Drexel University and Tower Health explore combining physician groups
Such a merger would deepen the ties between Tower and Drexel at a time when Drexel’s College of Medicine is facing with the potential closure of its main clinical teaching location, Hahnemann University Hospital.
Drexel University and Tower Health have signed a letter of intent to combine their physician practice plans, Drexel president John Fry said in an email to staff Wednesday.
The Tower Health Medical Group employs 505 physicians. Drexel University Physicians employs 230 doctors.
If the merger were to be completed it would deepen the ties between Tower — whose flagship is Reading Hospital, in West Reading — and Drexel as the Drexel’s College of Medicine contends with the potential closure of its main clinical teaching location, Hahnemann University Hospital.
“A combined practice plan will offer numerous benefits to both organizations including an expanded clinical footprint for Drexel physicians and professional staff, the expansion of Tower’s academic medicine mission, increased options for medical student clinical rotations, and potential synergies in clinical research,” Fry said in his note.
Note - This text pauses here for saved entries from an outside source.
lemma Jfinomega_eqI:
  assumes "\<And>m. m \<le> n \<Longrightarrow> (Jfin code H ^^ m) \<sigma> \<noteq> []" and "(Jfin code H ^^ Suc n) \<sigma> = []"
  shows "Jfinomega code H \<sigma> = map (\<lambda>i. (Jfin code H ^^ Suc i) \<sigma> ! 0) [0..<n]"
proof -
  have "(LEAST k. (Jfin code H ^^ k) \<sigma> = []) = Suc n"
    using assms by (intro Least_equality) (auto simp: not_less_eq_eq[symmetric])
  then show ?thesis by (simp add: Jfinomega_def)
qed

lemma nth_Jfinomega:
  "i < length (Jfinomega code H \<sigma>) \<Longrightarrow> Jfinomega code H \<sigma> ! i = (Jfin code H ^^ Suc i) \<sigma> ! 0"
  by (simp add: Jfinomega_def del: funpow.simps)

lemma Jfin_iterate_ne_Nil:
  assumes "\<sigma> \<noteq> []" "m \<le> length (Jfinomega code H \<sigma>)"
  shows "(Jfin code H ^^ m) \<sigma> \<noteq> []"
proof -
  define M where "M = (LEAST k. (Jfin code H ^^ k) \<sigma> = [])"
  have "M \<noteq> 0"
  proof
    assume "M = 0"
    then show False
      using LeastI_ex[OF Jfin_iterate_Nil_ex[of code H \<sigma>]] assms(1) by (simp add: M_def)
  qed
  moreover have "length (Jfinomega code H \<sigma>) = M - 1" by (simp add: Jfinomega_def M_def)
  ultimately have "m < M" using assms(2) by simp
  then show ?thesis using not_less_Least M_def by blast
qed

subsection \<open>From the jump to its finite approximations\<close>

text \<open>
  \<open>jump_prefix_len code H Z k b\<close> is the length of a prefix of \<open>\<J>\<^sup>b(Z)\<close> whose \<open>k\<close>-fold
  \<open>J\<close>-image is the one-element prefix of \<open>\<J>\<^sup>b\<^sup>+\<^sup>k(Z)\<close>.
\<close>

primrec jump_prefix_len ::
  "(nat list \<Rightarrow> nat) \<Rightarrow> (nat \<Rightarrow> nat \<Rightarrow> (nat \<Rightarrow> nat) \<Rightarrow> nat \<Rightarrow> bool) \<Rightarrow> (nat \<Rightarrow> nat) \<Rightarrow> nat \<Rightarrow> nat \<Rightarrow> nat"
where
  "jump_prefix_len code H Z 0 b = 1"
| "jump_prefix_len code H Z (Suc k) b =
     tZ H ((JZ code H ^^ b) Z) (jump_prefix_len code H Z k (Suc b) - 1)"
lemma pd_eq_transform_open:
  assumes "open U" "p \<in> U" "\<And>r. r \<in> U \<Longrightarrow> F r = G r" "has_partial_derivative i G d p"
  shows "pd i F p = d"
  using has_partial_derivative_transform_open[OF assms] by (rule pd_eqI)

lemma has_partials_onI:
  assumes "\<And>i p. i < 3 \<Longrightarrow> p \<in> U \<Longrightarrow> has_partial_derivative i F (G i p) p"
  shows "has_partials_on F U"
  using assms unfolding has_partials_on_def has_partial_derivative_def real_differentiable_def
  by blast

lemma C2_onI:
  assumes "open U" "continuous_on U F"
    and G: "\<And>i p. i < 3 \<Longrightarrow> p \<in> U \<Longrightarrow> has_partial_derivative i F (G i p) p"
    and H: "\<And>i j p. i < 3 \<Longrightarrow> j < 3 \<Longrightarrow> p \<in> U \<Longrightarrow> has_partial_derivative j (G i) (H i j p) p"
    and "\<And>i. i < 3 \<Longrightarrow> continuous_on U (G i)"
    and "\<And>i j. i < 3 \<Longrightarrow> j < 3 \<Longrightarrow> continuous_on U (H i j)"
  shows "C2_on U F"
proof -
  have pd_F: "pd i F p = G i p" if "i < 3" "p \<in> U" for i p
    using G[OF that] by (rule pd_eqI)
  have H': "has_partial_derivative j (pd i F) (H i j p) p" if "i < 3" "j < 3" "p \<in> U" for i j p
    using \<open>open U\<close> that(3) pd_F[OF that(1)] H[OF that] by (rule has_partial_derivative_transform_open)
  show ?thesis
    unfolding C2_on_def
  proof (intro conjI allI impI)
    fix i j :: nat assume "i < 3"
    show "continuous_on U (pd i F)"
      using assms(5)[OF \<open>i < 3\<close>] by (rule continuous_on_eq) (simp add: pd_F \<open>i < 3\<close>)
    show "has_partials_on (pd i F) U"
      using H' \<open>i < 3\<close> by (blast intro: has_partials_onI)
    assume "j < 3"
    show "continuous_on U (pd j (pd i F))"
      using assms(6)[OF \<open>i < 3\<close> \<open>j < 3\<close>] by (rule continuous_on_eq)
        (simp add: pd_eqI[OF H'] \<open>i < 3\<close> \<open>j < 3\<close>)
  qed (use assms(2) G in \<open>blast intro: has_partials_onI\<close>)+
qed

text \<open>The divergence div_g (grad F / |grad F|_g) of minimal_surface_in, multiplied by lam^2.\<close>

definition scaled_mean_curvature :: "(pt3 \<Rightarrow> real) \<Rightarrow> (pt3 \<Rightarrow> real) \<Rightarrow> pt3 \<Rightarrow> real" where
  "scaled_mean_curvature lam F q =
     (let n = (\<lambda>r. sqrt (((pd 0 F r)\<^sup>2 + (pd 1 F r)\<^sup>2) / (lam r)\<^sup>2 + (pd 2 F r)\<^sup>2))
      in pd 0 (\<lambda>r. pd 0 F r / n r) q + pd 1 (\<lambda>r. pd 1 F r / n r) q
         + (lam q)\<^sup>2 * pd 2 (\<lambda>r. pd 2 F r / n r) q)"

lemma minimal_surface_in_global_chart:
  assumes "open U" "U \<subseteq> \<Omega>" "C2_on U F" "S = {q \<in> U. F q = 0}"
    and "\<And>q. q \<in> S \<Longrightarrow> \<exists>i<3. pd i F q \<noteq> 0"
    and "\<And>q. q \<in> S \<Longrightarrow> scaled_mean_curvature lam F q = 0"
  shows "minimal_surface_in lam \<Omega> S"
  unfolding minimal_surface_in_def Let_def scaled_mean_curvature_def[unfolded Let_def, symmetric]
  using assms by (auto intro!: exI[of _ U] exI[of _ F])

lemma DERIV_sqrt_compose:
  assumes "(f has_real_derivative D) (at x)" "0 < f x" "E = D / (2 * sqrt (f x))"
  shows "((\<lambda>s. sqrt (f s)) has_real_derivative E) (at x)"
proof (rule DERIV_cong)
  show "((\<lambda>s. sqrt (f s)) has_real_derivative inverse (sqrt (f x)) / 2 * D) (at x)"
    by (rule DERIV_chain2[where f = sqrt and g = f, OF DERIV_real_sqrt[OF assms(2)] assms(1)])
  show "inverse (sqrt (f x)) / 2 * D = E"
    unfolding assms(3) by (simp add: field_simps)
qed

lemma divide_derivative_eq:
  "(n::real) \<noteq> 0 \<Longrightarrow> (a * n - b * (c / n)) / (n * n) = a / n - b * c / n ^ 3"
  by (simp add: field_simps power3_eq_cube)

section \<open>The height function of the disc\<close>

text \<open>hgt x y is Im (gmap (x + \<i> y)), see gtrans_eq below; being harmonic, its y-y
  derivative is - hgt_xx.\<close>

definition cayley_den :: "real \<Rightarrow> real \<Rightarrow> real" where
  "cayley_den x y = (1 + x)\<^sup>2 + y\<^sup>2"

definition hgt :: "real \<Rightarrow> real \<Rightarrow> real" where
  "hgt x y = (1 - x\<^sup>2 - y\<^sup>2) / cayley_den x y"

definition hgt_x :: "real \<Rightarrow> real \<Rightarrow> real" where
  "hgt_x x y = -2 * ((1 + x)\<^sup>2 - y\<^sup>2) / (cayley_den x y)\<^sup>2"

definition hgt_y :: "real \<Rightarrow> real \<Rightarrow> real" where
  "hgt_y x y = -4 * y * (1 + x) / (cayley_den x y)\<^sup>2"

definition hgt_xx :: "real \<Rightarrow> real \<Rightarrow> real" where
  "hgt_xx x y = 4 * (1 + x) * ((1 + x)\<^sup>2 - 3 * y\<^sup>2) / (cayley_den x y) ^ 3"

definition hgt_xy :: "real \<Rightarrow> real \<Rightarrow> real" where
  "hgt_xy x y = 4 * y * (3 * (1 + x)\<^sup>2 - y\<^sup>2) / (cayley_den x y) ^ 3"

lemma cayley_den_pos:
  assumes "x\<^sup>2 + y\<^sup>2 < 1"
  shows "0 < cayley_den x y"
proof -
  have "x\<^sup>2 < 1"
    using assms zero_le_power2[of y] by linarith
  then have "\<bar>x\<bar> < 1"
    by (simp add: abs_square_less_1)
  then show ?thesis
    unfolding cayley_den_def by (simp add: add_pos_nonneg)
qed

lemma hgt_pos: "x\<^sup>2 + y\<^sup>2 < 1 \<Longrightarrow> 0 < hgt x y"
  using cayley_den_pos[of x y] unfolding hgt_def by simp

lemma cayley_den_nonzero_if_hgt: "hgt x y \<noteq> 0 \<Longrightarrow> cayley_den x y \<noteq> 0"
  unfolding hgt_def by auto

lemma DERIV_cayley_den_dx: "((\<lambda>s. cayley_den s y) has_real_derivative 2 * (1 + x)) (at x)"
  unfolding cayley_den_def by (auto intro!: derivative_eq_intros)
Drexel and Tower already have a 20-year academic affiliation agreement and are in the process of opening a four-year regional medical-school campus near Reading Hospital.
Fry did not seem to be too worried after Hahnemann University Hospital warned, in April, about potential closure.
“If you take a look at the extensive network of hospitals, I’m really confident that we have contingency plans in place to ensure that there’s no disruption for medical students, for their hospital-based clinical rotations," Fry told The Inquirer at the time.
Tower, which bought Brandywine, Phoenixville, Pottstown, Jennersville, and Chestnut Hill Hospitals in 2017, on Tuesday reported a $48.45 million operating loss on $1.38 billion in total revenue for the nine months ended March 31.
In its report to bondholders, Tower blamed the negative results on $13.2 million in one-time expenses, lower-than-expected patient volumes at its new hospitals, a large number of delayed and denied claims form commercial insurers, and a $93.6 million increase in accounts receivable resulting from the implementation of a new electronic medical records system.